Peneliti The Earth Institute Columbia University, Joaquim I Goes, mengemukakan, wilayah geografis Indonesia dengan garis pantai terpanjang kedua di dunia dan perairan yang produktif sangat cocok untuk pengembangan usaha marikultur. Akan tetapi, pengembangan marikultur di Indonesia masih dalam tahap sangat awal.
”Marikultur Indonesia masih belum tergali. Masih banyak yang perlu dilakukan dan banyak peluang terbuka dan diharapkan teknologi marikultur bisa dikembangkan,” katanya.
Kepala Badan Riset dan Sumber Daya Manusia Kelautan dan Perikanan Kementerian Kelautan dan Perikanan Sjarief Widjaja mengemukakan, masalah utama yang masih menghadang usaha budidaya antara lain problem pakan, manajemen penyakit ikan, manajemen produksi dan bisnis, serta aspek lain, seperti listrik dan infrastruktur air bersih. Di sisi hilir, kendala muncul dalam hal logistik.

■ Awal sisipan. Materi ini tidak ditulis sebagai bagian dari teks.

(* Let $A$ be a finite group with a normal subgroup $G$ such that $A/G$ is cyclic. Let $X,Y\in A$ have the same image in $A/G$. Suppose that $X^2$ is conjugate to $Y^2$ in $A$ and that $X^r$ is conjugate to $Y^r$ in $A$ for some odd integer $r>1$, but that $X$ is not conjugate to $Y$ in $A$. Then $4$ divides $|G|$. *)

theory Defs
  imports "HOL-Algebra.Algebra"
begin

definition conjugate_in :: "('a, 'b) monoid_scheme \<Rightarrow> 'a \<Rightarrow> 'a \<Rightarrow> bool" where
  "conjugate_in A x y \<longleftrightarrow>
     (\<exists>g \<in> carrier A. y = g \<otimes>\<^bsub>A\<^esub> x \<otimes>\<^bsub>A\<^esub> inv\<^bsub>A\<^esub> g)"

end

theory Submission
  imports Defs "HOL-Library.Z2"
begin

text \<open>
  Suppose that \<open>4\<close> does not divide \<open>|G|\<close>. Then \<open>A\<close> has a normal subgroup \<open>K\<close> of odd order
  containing all commutators \<open>[a, g]\<close> with \<open>a \<in> A\<close>, \<open>g \<in> G\<close>: take \<open>K = G\<close> if \<open>|G|\<close> is odd,
  and otherwise the kernel of the sign of the regular representation of \<open>G\<close>, which has index 2
  because an involution of \<open>G\<close> acts on \<open>G\<close> as a product of \<open>|G|/2\<close> transpositions. Since \<open>A/G\<close>
  is cyclic and \<open>G/K\<close> is central in \<open>A/K\<close>, the quotient \<open>A/K\<close> is abelian. Conjugate elements
  therefore agree modulo \<open>K\<close>, so \<open>x\<^sup>2 \<sim> y\<^sup>2\<close> and \<open>x\<^sup>r \<sim> y\<^sup>r\<close> with \<open>r\<close> odd give \<open>xK = yK\<close>.
  After conjugating \<open>x\<close> we may assume \<open>x\<^sup>2 = y\<^sup>2\<close>. Write \<open>x = tu\<close> and \<open>y = su\<close>, where \<open>u\<close> is a
  common power of \<open>x\<^sup>2 = y\<^sup>2\<close> and \<open>t\<close>, \<open>s\<close> have 2-power order. Then \<open>k \<mapsto> t k s\<^sup>-\<^sup>1\<close> is a
  permutation of 2-power order of the odd-order group \<open>C\<^sub>K(u)\<close>, so it has a fixed point \<open>k\<close>,
  and \<open>y = k\<^sup>-\<^sup>1 x k\<close>.
\<close>

section \<open>Involutions and maps of 2-power order\<close>

lemma even_card_if_fixpoint_free_involution:
  assumes "\<And>x. x \<in> S \<Longrightarrow> f x \<in> S" "\<And>x. x \<in> S \<Longrightarrow> f (f x) = x"
    and "\<And>x. x \<in> S \<Longrightarrow> f x \<noteq> x"
  shows "even (card S)"
proof -
  have "(\<Sum>x\<in>S. 1 :: bit) = 0"
    by (rule sum_involution_eq_0[where h = f]) (use assms in auto)
  then have "of_nat (card S) = (0 :: bit)" by simp
  then show ?thesis by (metis even_of_nat_iff even_zero)
qed

lemma card_fixpoints_parity_if_funpow_2_power:
  assumes "finite S" "\<And>x. x \<in> S \<Longrightarrow> f x \<in> S" "\<And>x. x \<in> S \<Longrightarrow> (f ^^ 2 ^ n) x = x"
  shows "even (card S + card {x\<in>S. f x = x})"
  using assms(2,3)
proof (induction n arbitrary: f)
  case 0
  then have "{x\<in>S. f x = x} = S" by auto
  then show ?case by simp
next
  case (Suc n)
  define T where "T = {x\<in>S. f (f x) = x}"
  have iter: "(f \<circ> f) ^^ 2 ^ n = f ^^ 2 ^ Suc n"
  proof -
    have "f \<circ> f = f ^^ 2" by (simp add: numeral_2_eq_2)
    then show ?thesis by (simp add: funpow_mult)
  qed
  have "even (card S + card {x\<in>S. (f \<circ> f) x = x})"
  proof (rule Suc.IH)
    fix x assume "x \<in> S"
    then show "(f \<circ> f) x \<in> S" using Suc.prems(1) by simp
    show "((f \<circ> f) ^^ 2 ^ n) x = x" unfolding iter by (rule Suc.prems(2)[OF \<open>x \<in> S\<close>])
  qed
  then have "even (card S + card T)" by (simp add: T_def)
  moreover have "card T = card {x\<in>S. f x = x} + card {x\<in>T. f x \<noteq> x}"
  proof -
    have "T = {x\<in>S. f x = x} \<union> {x\<in>T. f x \<noteq> x}" by (auto simp: T_def)
    also have "card \<dots> = card {x\<in>S. f x = x} + card {x\<in>T. f x \<noteq> x}"
      by (rule card_Un_disjoint) (use assms(1) in \<open>auto simp: T_def\<close>)
    finally show ?thesis .
  qed
  moreover have "even (card {x\<in>T. f x \<noteq> x})"
    by (rule even_card_if_fixpoint_free_involution[where f = f])
       (use Suc.prems in \<open>auto simp: T_def\<close>)
  ultimately show ?case by presburger
qed

lemma exists_fixpoint_if_funpow_2_power:
  assumes "finite S" "odd (card S)"
    and "\<And>x. x \<in> S \<Longrightarrow> f x \<in> S" "\<And>x. x \<in> S \<Longrightarrow> (f ^^ 2 ^ n) x = x"
  shows "\<exists>x\<in>S. f x = x"
proof -
  have "odd (card {x\<in>S. f x = x})"
    using card_fixpoints_parity_if_funpow_2_power[of S f n] assms by auto
  then show ?thesis by (metis (mono_tags, lifting) card.empty empty_Collect_eq even_zero)
qed

lemma sign_fixpoint_free_involution:
  assumes "finite S" "p permutes S"
    and "\<And>x. x \<in> S \<Longrightarrow> p (p x) = x" "\<And>x. x \<in> S \<Longrightarrow> p x \<noteq> x"
  shows "sign p = (-1::int) ^ (card S div 2)"
  using assms
proof (induction "card S" arbitrary: S p rule: less_induct)
  case less
  show ?case
  proof (cases "S = {}")
    case True
    with less.prems(2) show ?thesis by simp
  next
    case False
    then obtain x where x: "x \<in> S" by blast
    define y where "y = p x"
    have y: "y \<in> S" "y \<noteq> x" "p y = x"
      using less.prems x permutes_in_image[OF less.prems(2)] by (auto simp: y_def)
    define S' where "S' = S - {x, y}"
    define q where "q = transpose x y \<circ> p"
    have q_outside: "q z = p z" if "z \<in> S'" for z
    proof -
      have "p z \<noteq> x" "p z \<noteq> y"
        using that less.prems(3)[of z] less.prems(3)[OF x] by (auto simp: S'_def y_def)
      then show ?thesis by (simp add: q_def)
    qed
    have "q permutes S'"
    proof (rule permutes_superset)
      show "q permutes S"
        unfolding q_def by (rule permutes_compose[OF less.prems(2) permutes_swap_id[OF x y(1)]])
      show "q z = z" if "z \<in> S - S'" for z
        using that y by (auto simp: S'_def q_def y_def)
    qed
    have "card {x, y} \<le> card S"
      using less.prems(1) x y(1) by (intro card_mono) auto
    then have card_S: "card S = card S' + 2"
      using less.prems(1) x y(1,2) by (simp add: S'_def card_Diff_subset)
    have "sign q = (-1::int) ^ (card S' div 2)"
    proof (rule less.hyps)
      show "card S' < card S" "finite S'" "q permutes S'"
        using card_S less.prems(1) \<open>q permutes S'\<close> by (simp_all add: S'_def)
      fix z assume z: "z \<in> S'"
      then have "p z \<in> S'"
        using less.prems(3)[of z] less.prems(3)[OF x] permutes_in_image[OF less.prems(2)]
        by (auto simp: S'_def y_def)
      with z show "q (q z) = z" "q z \<noteq> z"
        using less.prems(3,4) by (simp_all add: q_outside S'_def)
    qed
    moreover have "p = transpose x y \<circ> q"
      by (simp add: q_def comp_assoc[symmetric])
    then have "sign p = - sign q"
      using sign_compose[OF permutation_swap_id permutes_imp_permutation[OF _ \<open>q permutes S'\<close>]]
        less.prems(1) y(2) by (simp add: sign_swap_id S'_def)
    ultimately show ?thesis using card_S by simp
  qed
qed
definition Dplus :: "('a::metric_space \<Rightarrow> real) \<Rightarrow> 'a \<Rightarrow> real \<Rightarrow> real" where
  "Dplus f x t = Sup (dist x ` hl_minimizers f t x)"

definition Dminus :: "('a::metric_space \<Rightarrow> real) \<Rightarrow> 'a \<Rightarrow> real \<Rightarrow> real" where
  "Dminus f x t = Inf (dist x ` hl_minimizers f t x)"

text \<open>Slope (local Lipschitz constant), valued in extended reals;
  by convention 0 at isolated points.\<close>
definition slope :: "('a::metric_space \<Rightarrow> real) \<Rightarrow> 'a \<Rightarrow> ereal" where
  "slope g x = (if at x = bot then 0
     else Limsup (at x) (\<lambda>y. ereal (\<bar>g y - g x\<bar> / dist y x)))"

end

theory Submission
  imports Defs
begin

(* Write F(t,x,y) = f y + d(x,y)^2/(2t) and M(t,x) for the set of
   minimizers of F(t,x,_).

   First, compactness makes M(t,x) nonempty and compact, so D+(x,t) is attained.
   Slope: moving from x along a geodesic towards a farthest minimizer y, the cost
   F(t,_,y) drops at rate D+(x,t)/t, which bounds |DQ_t f|(x) from below.  For the
   upper bound, minimizers of points z near x stay within distance D+(x,t)+eps of z
   (upper semicontinuity, obtained from closedness of the graph of M), and comparing
   Q_t f at x and z through each other's minimizers gives |DQ_t f|(x) <= D+(x,t)/t.
   Time derivative: for s,t > 0 the difference quotient of s |-> Q_s f x lies between
   -d(x,y_t)^2/(2st) and -d(x,y_s)^2/(2st) for minimizers y_t, y_s.  Distances of
   minimizers grow with time, so D+(x,_) is monotone, hence continuous off a countable
   set, and at its continuity points both bounds tend to -D+(x,t)^2/(2t^2). *)

lemma Limsup_filter_mono:
  assumes "F \<le> G"
  shows "Limsup F g \<le> Limsup G g"
  unfolding Limsup_def using assms by (intro INF_superset_mono) (auto intro: filter_leD)

lemma linear_speed_curve_filterlim_at:
  fixes \<gamma> :: "real \<Rightarrow> 'a::metric_space"
  assumes speed: "\<And>s. 0 \<le> s \<Longrightarrow> s \<le> 1 \<Longrightarrow> dist (\<gamma> s) x = s * d" and d: "d > 0"
  shows "filterlim \<gamma> (at x) (at_right 0)"
proof (rule filterlim_atI)
  have near0: "eventually (\<lambda>s. s \<in> {0<..<1}) (at_right (0::real))"
    by (rule eventually_at_right_real) simp
  have "((\<lambda>s. s * d) \<longlongrightarrow> 0 * d) (at_right 0)"
    by (intro tendsto_intros)
  then have "((\<lambda>s. s * d) \<longlongrightarrow> 0) (at_right 0)" by simp
  then have "((\<lambda>s. dist (\<gamma> s) x) \<longlongrightarrow> 0) (at_right 0)"
    by (rule Lim_transform_eventually) (rule eventually_mono[OF near0], simp add: speed)
  then show "(\<gamma> \<longlongrightarrow> x) (at_right 0)" by (rule tendsto_dist_iff[THEN iffD2])
  show "eventually (\<lambda>s. \<gamma> s \<noteq> x) (at_right 0)"
  proof (rule eventually_mono[OF near0])
    fix s :: real assume "s \<in> {0<..<1}"
    then have "dist (\<gamma> s) x > 0" using speed d by simp
    then show "\<gamma> s \<noteq> x" by auto
  qed
qed

lemma geodesic_curve:
  fixes x y :: "'a::metric_space"
  assumes "geodesic_space TYPE('a)"
  obtains \<gamma> :: "real \<Rightarrow> 'a" where
    "\<And>s. 0 \<le> s \<Longrightarrow> s \<le> 1 \<Longrightarrow> dist (\<gamma> s) x = s * dist x y"
    "\<And>s. 0 \<le> s \<Longrightarrow> s \<le> 1 \<Longrightarrow> dist (\<gamma> s) y = (1 - s) * dist x y"
proof -
  obtain \<gamma> :: "real \<Rightarrow> 'a" where "\<gamma> 0 = x" "\<gamma> 1 = y"
    and geo: "\<forall>a\<in>{0..1}. \<forall>b\<in>{0..1}. dist (\<gamma> a) (\<gamma> b) = \<bar>b - a\<bar> * dist x y"
    using assms unfolding geodesic_space_def by blast
  then show thesis
    using geo[rule_format, of 0] geo[rule_format, of _ 1]
    by (intro that[of \<gamma>]) (auto simp: dist_commute)
qed

lemma quadratic_cost_increment:
  fixes t r a b p q0 q1 :: real
  assumes t: "t > 0" and a: "0 \<le> a" "a \<le> b + r"
    and q1: "q1 \<le> p + a\<^sup>2 / (2 * t)" and q0: "q0 = p + b\<^sup>2 / (2 * t)"
  shows "q1 - q0 \<le> r * (b + r / 2) / t"
proof -
  have "q1 - q0 \<le> (a\<^sup>2 - b\<^sup>2) / (2 * t)"
    using q0 q1 by (simp add: diff_divide_distrib)
  also have "\<dots> \<le> ((b + r)\<^sup>2 - b\<^sup>2) / (2 * t)"
    using a t by (intro divide_right_mono diff_right_mono power_mono) auto
  also have "\<dots> = r * (b + r / 2) / t"
    using t by (simp add: field_simps power2_eq_square)
  finally show ?thesis .
qed

lemma quadratic_cost_decrease:
  fixes t s D p q0 q1 :: real
  assumes t: "t > 0"
    and q1: "q1 \<le> p + ((1 - s) * D)\<^sup>2 / (2 * t)" and q0: "q0 = p + D\<^sup>2 / (2 * t)"
  shows "s * D * (D * (2 - s) / (2 * t)) \<le> q0 - q1"
proof -
  have "s * D * (D * (2 - s) / (2 * t)) = D\<^sup>2 / (2 * t) - ((1 - s) * D)\<^sup>2 / (2 * t)"
    using t by (simp add: field_simps power2_eq_square)
  then show ?thesis using q0 q1 by linarith
qed

lemma hopf_lax_minimizer:
  "y \<in> hl_minimizers f t x \<Longrightarrow> hopf_lax t f x = f y + (dist x y)\<^sup>2 / (2 * t)"
  by (simp add: hl_minimizers_def)

context
  fixes f :: "'a::metric_space \<Rightarrow> real"
  assumes compact_space: "compact (UNIV :: 'a set)" and f_cont: "continuous_on UNIV f"
begin

lemma hopf_lax_cost_bdd_below:
  assumes t: "t > 0"
  shows "bdd_below (range (\<lambda>y. f y + (dist x y)\<^sup>2 / (2 * t)))"
proof -
  have "bdd_below (range f)"
    using compact_continuous_image[OF f_cont compact_space]
    by (intro bounded_imp_bdd_below compact_imp_bounded)
  then obtain m where m: "\<And>y. m \<le> f y" by (auto simp: bdd_below_def)
  have "m \<le> f y + (dist x y)\<^sup>2 / (2 * t)" for y
    using m[of y] t by (simp add: add_increasing2)
  then show ?thesis by (auto simp: bdd_below_def)
qed

lemma hopf_lax_le: "t > 0 \<Longrightarrow> hopf_lax t f x \<le> f y + (dist x y)\<^sup>2 / (2 * t)"
  unfolding hopf_lax_def using hopf_lax_cost_bdd_below[of t x] by (auto intro: cINF_lower)

lemma hopf_lax_greatest:
  "t > 0 \<Longrightarrow> (\<And>y. c \<le> f y + (dist x y)\<^sup>2 / (2 * t)) \<Longrightarrow> c \<le> hopf_lax t f x"
  unfolding hopf_lax_def by (auto intro: cINF_greatest)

Salah satu upaya mengurai masalah logistik adalah melalui pengembangan sistem digital yang mendorong efisiensi untuk rantai pasok. Selain itu, manajemen produksi, pengembangan infrastruktur, sumber daya manusia dan teknologi, pengembangan bisnis, dan akses pasar perlu pembenahan.
Deputi Bidang Koordinasi Sumber Daya Maritim Kementerian Koordinator Bidang Kemaritiman dan Investasi Safri Burhanuddin, mengemukakan, potensi perikanan budidaya lebih besar daripada perikanan tangkap. Namun, realitasnya, ekspor perikanan Indonesia masih lebih didominasi perikanan tangkap, yakni 65 persen. Oleh karena itu, diperlukan upaya lebih besar untuk pengembangan budidaya.
Realitasnya, ekspor perikanan Indonesia masih lebih didominasi perikanan tangkap, yakni 65 persen.
”Pengembangan potensi marikultur membutuhkan aksi. Kita butuh aksi dan kurangi terlalu banyak diskusi,” katanya.
Secara terpisah, Ketua Himpunan Pembudidaya Ikan Laut Indonesia (Hipilindo) Effendy Wong mengemukakan, sulit mengharapkan budidaya lobster akan berkembang jika pemerintah terus membuka keran ekspor benih lobster ke Vietnam. Meskipun pasar lobster saat ini melemah sebagai dampak pandemi Covid-19, Vietnam masih terus menyerap ekspor benih lobster dengan harga benih yang terus ditekan.
”Dengan menjual benih dalam jumlah besar dan harganya semakin murah, sama saja memberikan amunisi ke Vietnam untuk membesarkan usaha budidaya dan menguasai pasar lobster tahun depan,” katanya.
Ia menambahkan, jika pemerintah serius menggarap usaha budidaya lobster, seharusnya ekspor benih lobster dihentikan jika harga jualnya terus turun dan tidak memberikan devisa yang signifikan. Pengembangan budidaya lobster, meski memakan waktu produksi satu tahun, menghasilkan nilai tambah lebih besar.